A single value for all components, or a vector of length \code{k} with
different values for each component can be specified.
See \code{\link{opt.TPO}} for the choice of this argument. }
\item{maxiter}{ the maximum number of iterations. }
\item{splitcircle}{ the number of directions in which the algorithm should
search for the largest variance. The direction with the largest variance
is searched for in the directions defined by a number of equally spaced points
on the unit circle. This argument determines, how many such points are used to
split the unit circle. }
\item{scores}{ A logical value indicating whether the scores of the
principal component should be calculated. }
\item{zero.tol}{ the zero tolerance used internally for checking
convergence, etc. }
% \item{anglehalving}{ boolean stating whether angle halving is to be used or not.
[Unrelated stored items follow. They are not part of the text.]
(* Let $\Sigma$ be a finite alphabet whose characters can be compared in constant time. There is an online streaming algorithm that, given a string $w \in \Sigma^*$ of length $n$, decides whether $w \in L_{\mathrm{UNIQ}}$ (i.e. whether $w$ is uniquely decodable from its bigrams) in time $\Theta(n)$ and space $O(|\Sigma|)$.
   Context: Let $\$ \notin \Sigma$ be a delimiter symbol and $\Sigma_\$ = \Sigma \cup \{\$\}$. For a string $x \in \$\Sigma^*\$$, its bigram vector $\Phi(x) \in \mathbb{N}^{\Sigma_\$^2}$ records, for each pair $(c,d) \in \Sigma_\$^2$, the number of indices $j$ with $x[j]x[j+1] = cd$ (occurrences as a contiguous substring, counting overlaps). A string $w \in \Sigma^*$ is uniquely decodable, written $w \in L_{\mathrm{UNIQ}}$, if the only string $x \in \$\Sigma^*\$$ with $\Phi(x) = \Phi(\$w\$)$ is $x = \$w\$$. *)

theory Defs
  imports Main
begin

text \<open>Strings over the extended alphabet are lists over 'a option; None plays the
  role of the delimiter symbol.\<close>

definition bigram :: "'b list \<Rightarrow> 'b \<times> 'b \<Rightarrow> nat" where
  "bigram x = (\<lambda>(c, d). card {j. Suc j < length x \<and> x ! j = c \<and> x ! Suc j = d})"

definition delim :: "'a list \<Rightarrow> 'a option list" where
  "delim w = None # map Some w @ [None]"

definition uniq_dec :: "'a set \<Rightarrow> 'a list \<Rightarrow> bool" where
  "uniq_dec \<Sigma> w \<longleftrightarrow>
     (\<forall>x. set x \<subseteq> \<Sigma> \<and> bigram (delim x) = bigram (delim w) \<longrightarrow> x = w)"

datatype instr = LoadC nat nat | Add nat nat nat | Sub nat nat nat
  | LoadI nat nat | StoreI nat nat | Jz nat nat | Jmp nat

type_synonym config = "nat \<times> (nat \<Rightarrow> nat)"

fun exec_instr :: "instr \<Rightarrow> config \<Rightarrow> config" where
  "exec_instr (LoadC r v) (pc, m) = (Suc pc, m(r := v))"
| "exec_instr (Add r a b) (pc, m) = (Suc pc, m(r := m a + m b))"
| "exec_instr (Sub r a b) (pc, m) = (Suc pc, m(r := m a - m b))"
| "exec_instr (LoadI r a) (pc, m) = (Suc pc, m(r := m (m a)))"
| "exec_instr (StoreI a r) (pc, m) = (Suc pc, m(m a := m r))"
| "exec_instr (Jz r l) (pc, m) = (if m r = 0 then l else Suc pc, m)"
| "exec_instr (Jmp l) (pc, m) = (l, m)"

fun touched :: "instr \<Rightarrow> (nat \<Rightarrow> nat) \<Rightarrow> nat set" where
  "touched (LoadC r v) m = {r}"
| "touched (Add r a b) m = {r, a, b}"
| "touched (Sub r a b) m = {r, a, b}"
| "touched (LoadI r a) m = {r, a, m a}"
| "touched (StoreI a r) m = {a, r, m a}"
| "touched (Jz r l) m = {r}"
| "touched (Jmp l) m = {}"

definition step :: "instr list \<Rightarrow> config \<Rightarrow> config" where
  "step P cfg = (if fst cfg < length P then exec_instr (P ! fst cfg) cfg else cfg)"

definition cfg_at :: "instr list \<Rightarrow> (nat \<Rightarrow> nat) \<Rightarrow> nat \<Rightarrow> config" where
  "cfg_at P m i = (step P ^^ i) (0, m)"

definition halts_in :: "instr list \<Rightarrow> (nat \<Rightarrow> nat) \<Rightarrow> nat \<Rightarrow> bool" where
  "halts_in P m t \<longleftrightarrow> length P \<le> fst (cfg_at P m t) \<and> (\<forall>i<t. fst (cfg_at P m i) < length P)"

text \<open>Resource constraints during the first t steps: only addresses below S are
  accessed, and every memory cell holds a value at most V (word-size bound).\<close>
definition within :: "instr list \<Rightarrow> nat \<Rightarrow> nat \<Rightarrow> (nat \<Rightarrow> nat) \<Rightarrow> nat \<Rightarrow> bool" where
  "within P S V m t \<longleftrightarrow>
     (\<forall>i<t. touched (P ! fst (cfg_at P m i)) (snd (cfg_at P m i)) \<subseteq> {..<S}) \<and>
     (\<forall>i\<le>t. \<forall>a. snd (cfg_at P m i) a \<le> V)"

definition run :: "instr list \<Rightarrow> nat \<Rightarrow> nat \<Rightarrow> (nat \<Rightarrow> nat) \<Rightarrow> (nat \<times> (nat \<Rightarrow> nat)) option" where
  "run P S V m = (if \<exists>t. halts_in P m t \<and> within P S V m t
     then (let t = (THE t. halts_in P m t) in Some (t, snd (cfg_at P m t))) else None)"

text \<open>Single left-to-right pass: for each input character c, put c into register 0
  and run the step program (reading a character costs one time unit).\<close>
fun stream :: "instr list \<Rightarrow> nat \<Rightarrow> nat \<Rightarrow> (nat \<Rightarrow> nat) \<Rightarrow> nat list
                 \<Rightarrow> (nat \<times> (nat \<Rightarrow> nat)) option" where
  "stream P S V m [] = Some (0, m)"
| "stream P S V m (c # cs) =
     (case run P S V (m(0 := c)) of
        None \<Rightarrow> None
      | Some (t, m') \<Rightarrow> map_option (\<lambda>(t', m''). (Suc t + t', m'')) (stream P S V m' cs))"

text \<open>The answer is
  "accept" iff register 0 is nonzero at the end.\<close>
definition stream_alg :: "instr list \<Rightarrow> instr list \<Rightarrow> nat \<Rightarrow> nat \<Rightarrow> nat \<Rightarrow> nat list
                 \<Rightarrow> (nat \<times> (nat \<Rightarrow> nat)) option" where
  "stream_alg Pstep Pfin S V k w =
     (case stream Pstep S V ((\<lambda>_. 0)(1 := k)) w of
        None \<Rightarrow> None
      | Some (t, m) \<Rightarrow> map_option (\<lambda>(t', m'). (t + t', m')) (run Pfin S V m))"

end

theory Submission
  imports Defs "HOL-Library.Multiset"
begin

text \<open>
  A word \<open>w\<close> fails to be uniquely decodable from its bigrams exactly when it is ambiguous: there
  are positions \<open>a < c < j\<close> with \<open>w[a] = w[c]\<close>, \<open>w[a+1] \<noteq> w[c+1]\<close>, and a letter of the factor
  \<open>w[a..c]\<close> recurs at \<open>j\<close>. Then exchanging the factors cut out at these positions changes \<open>w\<close> but
  none of its bigrams. Conversely, where a bigram twin of \<open>w\<close> first deviates from \<open>w\<close>, the twin's
  bigrams can only be followed through \<open>w\<close> if such a configuration exists.

  Online, \<open>w u\<close> is ambiguous iff the previous occurrence of \<open>u\<close> is covered, i.e. lies in some
  interval \<open>(a, c+1]\<close> with \<open>w[a] = w[c]\<close> and \<open>w[a+1] \<noteq> w[c+1]\<close>; for unambiguous \<open>w\<close> one may take
  \<open>a\<close> to be the first occurrence of its letter. The covered positions form a stack of disjoint
  sorted intervals, and a new interval pops and absorbs the intervals it meets. An uncovered
  position stays in the gap above the stack entry current when it was recorded, so remembering
  that stack height per letter makes coveredness a constant-time test. Every stack entry ends at
  the last occurrence of a distinct letter, so the stack and all tables have size \<open>O(|\<Sigma>|)\<close>, and
  each pop is paid for by the stack height, giving amortised constant time per letter.
\<close>

section \<open>Bigram multisets\<close>

fun bigrams :: "'a list \<Rightarrow> ('a \<times> 'a) multiset" where
  "bigrams (a # b # r) = add_mset (a, b) (bigrams (b # r))"
| "bigrams _ = {#}"

lemma bigrams_zip: "bigrams xs = mset (zip xs (tl xs))"
  by (induction xs rule: bigrams.induct) auto

lemma bigram_eq_count_bigrams: "bigram x (c, d) = count (bigrams x) (c, d)"
proof -
  have "count (bigrams x) (c, d) = length (filter ((=) (c, d)) (zip x (tl x)))"
    unfolding bigrams_zip by (simp add: count_mset count_list_eq_length_filter)
  also have "\<dots> = card {i. i < length (zip x (tl x)) \<and> (c, d) = zip x (tl x) ! i}"
    by (rule length_filter_conv_card)
  also have "{i. i < length (zip x (tl x)) \<and> (c, d) = zip x (tl x) ! i} = {j. Suc j < length x \<and> x ! j = c \<and> x ! Suc j = d}"
    by (auto simp: nth_tl)
  finally show ?thesis unfolding bigram_def by simp
qed

lemma bigram_eq_iff_bigrams_eq: "bigram x = bigram y \<longleftrightarrow> bigrams x = bigrams y"
proof
  assume "bigram x = bigram y"
  then show "bigrams x = bigrams y" by (metis bigram_eq_count_bigrams multiset_eqI surj_pair)
next
  assume "bigrams x = bigrams y"
  then show "bigram x = bigram y" by (intro ext) (metis bigram_eq_count_bigrams surj_pair)
qed

lemma bigrams_split: "bigrams (xs @ y # ys) = bigrams (xs @ [y]) + bigrams (y # ys)"
proof (induction xs rule: bigrams.induct)
  case (1 a b r)
  then show ?case by simp
next
  case ("2_1") then show ?case by simp
next
  case ("2_2" a) then show ?case by (cases ys) auto
qed

lemma bigrams_glue: "xs \<noteq> [] \<Longrightarrow> ys \<noteq> [] \<Longrightarrow> last xs = hd ys \<Longrightarrow> bigrams (xs @ tl ys) = bigrams xs + bigrams ys"
proof -
  assume a: "xs \<noteq> []" "ys \<noteq> []" "last xs = hd ys"
  obtain y ys' where ys: "ys = y # ys'" using a(2) by (cases ys) auto
  obtain xs0 where xs: "xs = xs0 @ [y]" using a(1,3) ys by (metis append_butlast_last_id list.sel(1))
  show ?thesis unfolding xs ys using bigrams_split[of xs0 y ys'] by simp
qed

lemma size_bigrams: "size (bigrams xs) = length xs - 1"
  by (induction xs rule: bigrams.induct) auto

lemma bigrams_map: "bigrams (map f xs) = image_mset (map_prod f f) (bigrams xs)"
  by (induction xs rule: bigrams.induct) auto

lemma mem_bigrams_iff: "(c, d) \<in># bigrams xs \<longleftrightarrow> (\<exists>r. Suc r < length xs \<and> xs ! r = c \<and> xs ! Suc r = d)"
proof -
  have "(c, d) \<in># bigrams xs \<longleftrightarrow> (\<exists>i < length (zip xs (tl xs)). zip xs (tl xs) ! i = (c, d))"
    unfolding bigrams_zip in_multiset_in_set by (auto simp: in_set_conv_nth)
  also have "\<dots> \<longleftrightarrow> (\<exists>r. Suc r < length xs \<and> xs ! r = c \<and> xs ! Suc r = d)"
  proof
    assume "\<exists>i < length (zip xs (tl xs)). zip xs (tl xs) ! i = (c, d)"
    then obtain i where "i < length (zip xs (tl xs))" "zip xs (tl xs) ! i = (c, d)" by blast
    then show "\<exists>r. Suc r < length xs \<and> xs ! r = c \<and> xs ! Suc r = d"
      by (intro exI[of _ i]) (auto simp: nth_tl)
  next
    assume "\<exists>r. Suc r < length xs \<and> xs ! r = c \<and> xs ! Suc r = d"
    then obtain r where "Suc r < length xs" "xs ! r = c" "xs ! Suc r = d" by blast
    then show "\<exists>i < length (zip xs (tl xs)). zip xs (tl xs) ! i = (c, d)"
      by (intro exI[of _ r]) (auto simp: nth_tl)
  qed
  finally show ?thesis .
qed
% Angle halving will usually improve the solution quite a lot.}
% \item{fact2dim}{ an integer that is multiplied to splitcircle if x is only
% two-dimensional. In higher dimensions, fewer search directions are needed to allow
% for faster computation. In two dimensions, more search directions are required to
% grant higher precision. \code{fact2dim} is used to take account of this.}
\item{center}{ this argument indicates how the data is to be centered. It
can be a function like \code{\link{mean}} or \code{\link{median}} or a vector
of length \code{ncol(x)} containing the center value of each column. }
\item{scale}{ this argument indicates how the data is to be rescaled. It
can be a function like \code{\link{sd}} or \code{\link{mad}} or a vector
of length \code{ncol(x)} containing the scale value of each column. }
\item{trace}{ an integer value >= 0, specifying the tracing level. }
% \item{cut.pc}{ a logical value, specifying whether only the first \code{k}
% columns of the resulting loadings and scores matrix shall be returned
% (\code{TRUE}). If this value is \cpode{FALSE}, the algorithm returns
% an \code{p x p} loadings- and an \code{n x p} scores matrix, whereas the
% last \code{p - k} components form an arbitrary basis of the complementary
% space of the first \code{k} found components.}
% \item{pc.ini}{ an optional pre calculated \code{princomp} (S3) object. If
% provided, the algorithm searches for additional PCs in the orthogonal space
% of the components provided by this object. }
% \item{k.ini}{ an optional integer value, specifying how many components of
% \code{pc.ini} shall be considered. }
% \item{ord.all}{ a logical value, specifying wheter}
% \item{HDred}{ }
\item{store.call}{ a logical variable, specifying whether the function call
shall be stored in the result structure. }
\item{control}{ a list which elements must be the same as (or a subset of)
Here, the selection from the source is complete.